Curated By: Business Desk
Last Updated: November 20, 2023, 14:07 IST
The swing trading and intraday have been facing setbacks. Over the last three months, notably on expiration days, larger market participants have impacted smaller traders. Stop-losses on both call and put sides are being triggered without significant movements in key indices such as Fin Nifty, Bank Nifty, Nifty and Sensex. This development is raising concerns among small traders, particularly as stop-losses are hit in out-of-the-money (OTM) options. Selling OTM options has become challenging, bringing challenges for traders navigating the market.
For individuals involved in stock market futures and options trading, the significance of this development is apparent.

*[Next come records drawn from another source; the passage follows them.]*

(* Let $(L,[\cdot,\cdot],\alpha,\beta)$ be a left BiHom-Lie algebra and let $f:L\to L$ be a linear map with $f\circ\alpha=\alpha\circ f$ and $f\circ\beta=\beta\circ f$. Define two operations on $L$ by $x\star y=[f(x),y]$ and $x\star' y=[x,f(y)]$ for all $x,y\in L$. Then: (i) $(L,\star,\alpha,\beta)$ is a BiHom-Novikov algebra if and only if for all $x,y,z\in L$: $f([f(\beta(x)),\alpha(y)]+[\beta(x),f(\alpha(y))])-[f(\beta(x)),f(\alpha(y))]\in Z_l(\beta(L))$ and $[f([f(x),\beta(y)]),\alpha\beta(z)]=[f([f(x),\beta(z)]),\alpha\beta(y)]$. (ii) If $\alpha$ and $\beta$ are bijective, then $(L,\star',\alpha,\beta)$ is a BiHom-Novikov algebra if and only if for all $x,y,z\in L$: $[[\beta(x),f(\alpha(y))]+[f(\beta(x)),\alpha(y)],f(\beta(z))]-[\alpha\beta(x),f([\alpha(y),f(z)])]+[\alpha\beta(y),f([\alpha(x),f(z)])]=0$ and $[f(\beta(x)),f(\alpha(y))]\in Z_r(\alpha(L))$.
   Context: Work over a field. A left BiHom-Lie algebra is a 4-tuple $(L,[\cdot,\cdot],\alpha,\beta)$ with $[\cdot,\cdot]$ bilinear and $\alpha,\beta:L\to L$ linear such that $\alpha\beta=\beta\alpha$, $\alpha([x,y])=[\alpha(x),\alpha(y)]$, $\beta([x,y])=[\beta(x),\beta(y)]$, $[\alpha\beta(x),[y,z]]=[[\beta(x),y],\beta(z)]+[\beta(y),[\alpha(x),z]]$ and $[\beta(x),\alpha(y)]=-[\beta(y),\alpha(x)]$ for all $x,y,z$. Let $Z_l(\beta(L))=\{x\in L: [x,\beta(y)]=0\ \forall y\in L\}$ and $Z_r(\alpha(L))=\{x\in L:[\alpha(y),x]=0\ \forall y\in L\}$. A BiHom-Novikov algebra is a 4-tuple $(A,\mu,\alpha,\beta)$ with $\mu:A\otimes A\to A$ (written $x\cdot y$) and commuting linear maps $\alpha,\beta$ such that for all $x,y,z$: $\alpha(x\cdot y)=\alpha(x)\cdot\alpha(y)$, $\beta(x\cdot y)=\beta(x)\cdot\beta(y)$, $(\beta(x)\cdot\alpha(y))\cdot\beta(z)-\alpha\beta(x)\cdot(\alpha(y)\cdot z)=(\beta(y)\cdot\alpha(x))\cdot\beta(z)-\alpha\beta(y)\cdot(\alpha(x)\cdot z)$, and $(x\cdot\beta(y))\cdot\alpha\beta(z)=(x\cdot\beta(z))\cdot\alpha\beta(y)$. *)

theory Defs
  imports "HOL.Vector_Spaces"
begin

definition bilinear_op :: "('k::field \<Rightarrow> 'v::ab_group_add \<Rightarrow> 'v) \<Rightarrow> ('v \<Rightarrow> 'v \<Rightarrow> 'v) \<Rightarrow> bool" where
  "bilinear_op scale b \<longleftrightarrow>
     (\<forall>x. Vector_Spaces.linear scale scale (b x)) \<and>
     (\<forall>y. Vector_Spaces.linear scale scale (\<lambda>x. b x y))"

definition left_BiHom_Lie :: "('k::field \<Rightarrow> 'v::ab_group_add \<Rightarrow> 'v) \<Rightarrow> ('v \<Rightarrow> 'v \<Rightarrow> 'v)
    \<Rightarrow> ('v \<Rightarrow> 'v) \<Rightarrow> ('v \<Rightarrow> 'v) \<Rightarrow> bool" where
  "left_BiHom_Lie scale br \<alpha> \<beta> \<longleftrightarrow>
     bilinear_op scale br \<and>
     Vector_Spaces.linear scale scale \<alpha> \<and> Vector_Spaces.linear scale scale \<beta> \<and>
     (\<alpha> \<circ> \<beta> = \<beta> \<circ> \<alpha>) \<and>
     (\<forall>x y. \<alpha> (br x y) = br (\<alpha> x) (\<alpha> y)) \<and>
     (\<forall>x y. \<beta> (br x y) = br (\<beta> x) (\<beta> y)) \<and>
     (\<forall>x y z. br (\<alpha> (\<beta> x)) (br y z) = br (br (\<beta> x) y) (\<beta> z) + br (\<beta> y) (br (\<alpha> x) z)) \<and>
     (\<forall>x y. br (\<beta> x) (\<alpha> y) = - br (\<beta> y) (\<alpha> x))"

definition BiHom_Novikov :: "('k::field \<Rightarrow> 'v::ab_group_add \<Rightarrow> 'v) \<Rightarrow> ('v \<Rightarrow> 'v \<Rightarrow> 'v)
    \<Rightarrow> ('v \<Rightarrow> 'v) \<Rightarrow> ('v \<Rightarrow> 'v) \<Rightarrow> bool" where
  "BiHom_Novikov scale mu \<alpha> \<beta> \<longleftrightarrow>
     bilinear_op scale mu \<and>
     Vector_Spaces.linear scale scale \<alpha> \<and> Vector_Spaces.linear scale scale \<beta> \<and>
     (\<alpha> \<circ> \<beta> = \<beta> \<circ> \<alpha>) \<and>
     (\<forall>x y. \<alpha> (mu x y) = mu (\<alpha> x) (\<alpha> y)) \<and>
     (\<forall>x y. \<beta> (mu x y) = mu (\<beta> x) (\<beta> y)) \<and>
     (\<forall>x y z. mu (mu (\<beta> x) (\<alpha> y)) (\<beta> z) - mu (\<alpha> (\<beta> x)) (mu (\<alpha> y) z)
             = mu (mu (\<beta> y) (\<alpha> x)) (\<beta> z) - mu (\<alpha> (\<beta> y)) (mu (\<alpha> x) z)) \<and>
     (\<forall>x y z. mu (mu x (\<beta> y)) (\<alpha> (\<beta> z)) = mu (mu x (\<beta> z)) (\<alpha> (\<beta> y)))"

definition Zl_beta :: "('v \<Rightarrow> 'v \<Rightarrow> 'v::zero) \<Rightarrow> ('v \<Rightarrow> 'v) \<Rightarrow> 'v set" where
  "Zl_beta br \<beta> = {x. \<forall>y. br x (\<beta> y) = 0}"

definition Zr_alpha :: "('v \<Rightarrow> 'v \<Rightarrow> 'v::zero) \<Rightarrow> ('v \<Rightarrow> 'v) \<Rightarrow> 'v set" where
  "Zr_alpha br \<alpha> = {x. \<forall>y. br (\<alpha> y) x = 0}"

end

theory Submission
  imports Defs
begin

text \<open>For both twisted products, bilinearity and multiplicativity with respect to \<open>\<alpha>, \<beta>\<close> are
  inherited from the bracket, so only the two Novikov identities matter. For \<open>x \<star> y = [f x, y]\<close>
  the BiHom-Jacobi identity and skew-symmetry collapse the difference of the two sides of the
  first identity into a single bracket \<open>[w, \<beta> z]\<close>, which vanishes for all \<open>z\<close> exactly when
  \<open>w \<in> Z\<^sub>l(\<beta>(L))\<close>; the second identity is literally the stated one. For
  \<open>x \<star>' y = [x, f y]\<close> skew-symmetry alone rewrites the first identity into the stated one, while
  Jacobi and skew-symmetry turn the difference of the two sides of the second identity into
  \<open>[\<alpha>\<beta> a, [f(\<beta> y), f(\<alpha> z)]]\<close> for \<open>x = \<beta> a\<close>, and surjectivity of \<open>\<beta>\<close> lets \<open>\<alpha>\<beta> a\<close> range over all of \<open>\<alpha>(L)\<close>.\<close>

lemma linear_additive:
  assumes "Vector_Spaces.linear s s g"
  shows "g (a + b) = g a + g b" "g (a - b) = g a - g b" "g (- a) = - g a"
  using assms unfolding Vector_Spaces.linear_iff_module_hom
  by (auto intro: module_hom.add module_hom.diff module_hom.neg)

lemma eq_iff_zero_of_diff_eq:
  fixes a b c :: "'a::ab_group_add"
  assumes "a - b = c"
  shows "a = b \<longleftrightarrow> c = 0"
  using assms by auto

lemma surj_forall_iff:
  assumes "surj g"
  shows "(\<forall>x. P x) \<longleftrightarrow> (\<forall>a. P (g a))"
  using assms by (metis surjD)

lemma BiHom_Novikov_iff_identities:
  assumes "bilinear_op scale mu"
    and "Vector_Spaces.linear scale scale \<alpha>" "Vector_Spaces.linear scale scale \<beta>"
    and "\<alpha> \<circ> \<beta> = \<beta> \<circ> \<alpha>"
    and "\<And>x y. \<alpha> (mu x y) = mu (\<alpha> x) (\<alpha> y)" "\<And>x y. \<beta> (mu x y) = mu (\<beta> x) (\<beta> y)"
  shows "BiHom_Novikov scale mu \<alpha> \<beta> \<longleftrightarrow>
           (\<forall>x y z. mu (mu (\<beta> x) (\<alpha> y)) (\<beta> z) - mu (\<alpha> (\<beta> x)) (mu (\<alpha> y) z)
                  = mu (mu (\<beta> y) (\<alpha> x)) (\<beta> z) - mu (\<alpha> (\<beta> y)) (mu (\<alpha> x) z)) \<and>
           (\<forall>x y z. mu (mu x (\<beta> y)) (\<alpha> (\<beta> z)) = mu (mu x (\<beta> z)) (\<alpha> (\<beta> y)))"
  using assms unfolding BiHom_Novikov_def by simp

locale left_BiHom_Lie_endomorphism =
  fixes scale :: "'k::field \<Rightarrow> 'v::ab_group_add \<Rightarrow> 'v"
    and br :: "'v \<Rightarrow> 'v \<Rightarrow> 'v" and \<alpha> \<beta> f :: "'v \<Rightarrow> 'v"
  assumes left_BiHom_Lie: "left_BiHom_Lie scale br \<alpha> \<beta>"
    and linear_f: "Vector_Spaces.linear scale scale f"
    and f_comp_\<alpha>: "f \<circ> \<alpha> = \<alpha> \<circ> f" and f_comp_\<beta>: "f \<circ> \<beta> = \<beta> \<circ> f"
begin

lemma linear_br_right: "Vector_Spaces.linear scale scale (br x)"
  and linear_br_left: "Vector_Spaces.linear scale scale (\<lambda>x. br x y)"
  and linear_\<alpha>: "Vector_Spaces.linear scale scale \<alpha>"
  and linear_\<beta>: "Vector_Spaces.linear scale scale \<beta>"
  and \<alpha>_comp_\<beta>: "\<alpha> \<circ> \<beta> = \<beta> \<circ> \<alpha>"
  and \<alpha>_br: "\<alpha> (br x y) = br (\<alpha> x) (\<alpha> y)"
  and \<beta>_br: "\<beta> (br x y) = br (\<beta> x) (\<beta> y)"
  and BiHom_Jacobi: "br (\<alpha> (\<beta> x)) (br y z) = br (br (\<beta> x) y) (\<beta> z) + br (\<beta> y) (br (\<alpha> x) z)"
  and BiHom_skew: "br (\<beta> x) (\<alpha> y) = - br (\<beta> y) (\<alpha> x)"
  using left_BiHom_Lie unfolding left_BiHom_Lie_def bilinear_op_def by blast+

lemma \<alpha>_\<beta>: "\<alpha> (\<beta> x) = \<beta> (\<alpha> x)"
  using \<alpha>_comp_\<beta> by (metis comp_apply)

lemma f_\<alpha>: "f (\<alpha> x) = \<alpha> (f x)"
  using f_comp_\<alpha> by (metis comp_apply)

lemma f_\<beta>: "f (\<beta> x) = \<beta> (f x)"
  using f_comp_\<beta> by (metis comp_apply)

lemmas br_additive_left = linear_additive[OF linear_br_left]
lemmas f_additive = linear_additive[OF linear_f]

lemma bilinear_op_left_twist: "bilinear_op scale (\<lambda>x y. br (f x) y)"
  unfolding bilinear_op_def
  using linear_br_right Vector_Spaces.linear_compose[OF linear_f linear_br_left]
  by (simp add: comp_def)

lemma bilinear_op_right_twist: "bilinear_op scale (\<lambda>x y. br x (f y))"
  unfolding bilinear_op_def
  using linear_br_left Vector_Spaces.linear_compose[OF linear_f linear_br_right]
  by (simp add: comp_def)

lemma \<alpha>_left_twist: "\<alpha> (br (f x) y) = br (f (\<alpha> x)) (\<alpha> y)"
  by (simp add: \<alpha>_br f_\<alpha>)

lemma \<beta>_left_twist: "\<beta> (br (f x) y) = br (f (\<beta> x)) (\<beta> y)"
  by (simp add: \<beta>_br f_\<beta>)

lemma \<alpha>_right_twist: "\<alpha> (br x (f y)) = br (\<alpha> x) (f (\<alpha> y))"
  by (simp add: \<alpha>_br f_\<alpha>)

lemma \<beta>_right_twist: "\<beta> (br x (f y)) = br (\<beta> x) (f (\<beta> y))"
  by (simp add: \<beta>_br f_\<beta>)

In the context of OTM options, it’s crucial to understand that they expire as zero on the expiry day. Traders investing in long-term options (valued at Rs 2-4) often face capital losses, while those selling OTM options can secure profits. Although the profits from selling OTM options may not be substantial, they often lead to a profitable account closure.
For example, if Nifty is at Rs 19,700 today, the option with a strike price of Rs 19,700 is considered at-the-money (ATM). The option becomes out-of-the-money (OTM), explaining the rapid decline in OTM option prices, approaching zero by market close.
Concerns emerge as out-of-the-money (OTM) options exhibit notable price fluctuations without a corresponding movement in the index. Suspicions arise that certain individuals may be involved in market activities, posing a significant risk to small traders. Excessive fluctuations in OTM option prices, without corresponding index movements, have the potential to trigger stop losses for small traders engaged in selling options with narrow profit margins.
In an initial assessment, the fluctuations were thought to be linked to low-margin requirements. But as this pattern continues, suspicions point in a different direction. Major traders are employing algorithms for stop-loss hunting. This practice involves large institutions or algorithmic traders using techniques to trigger stop-loss orders, resulting in losses for smaller traders. In this scenario, significant players stand to benefit.
In derivatives trading on the stock market, there’s no foolproof strategy to completely avoid losses. Still for those involved in derivatives, futures, and options trading, adopting protective measures is crucial. Trading with hedging strategies, offering various techniques to mitigate potential losses, albeit with a corresponding reduction in potential profits should be given utmost significance.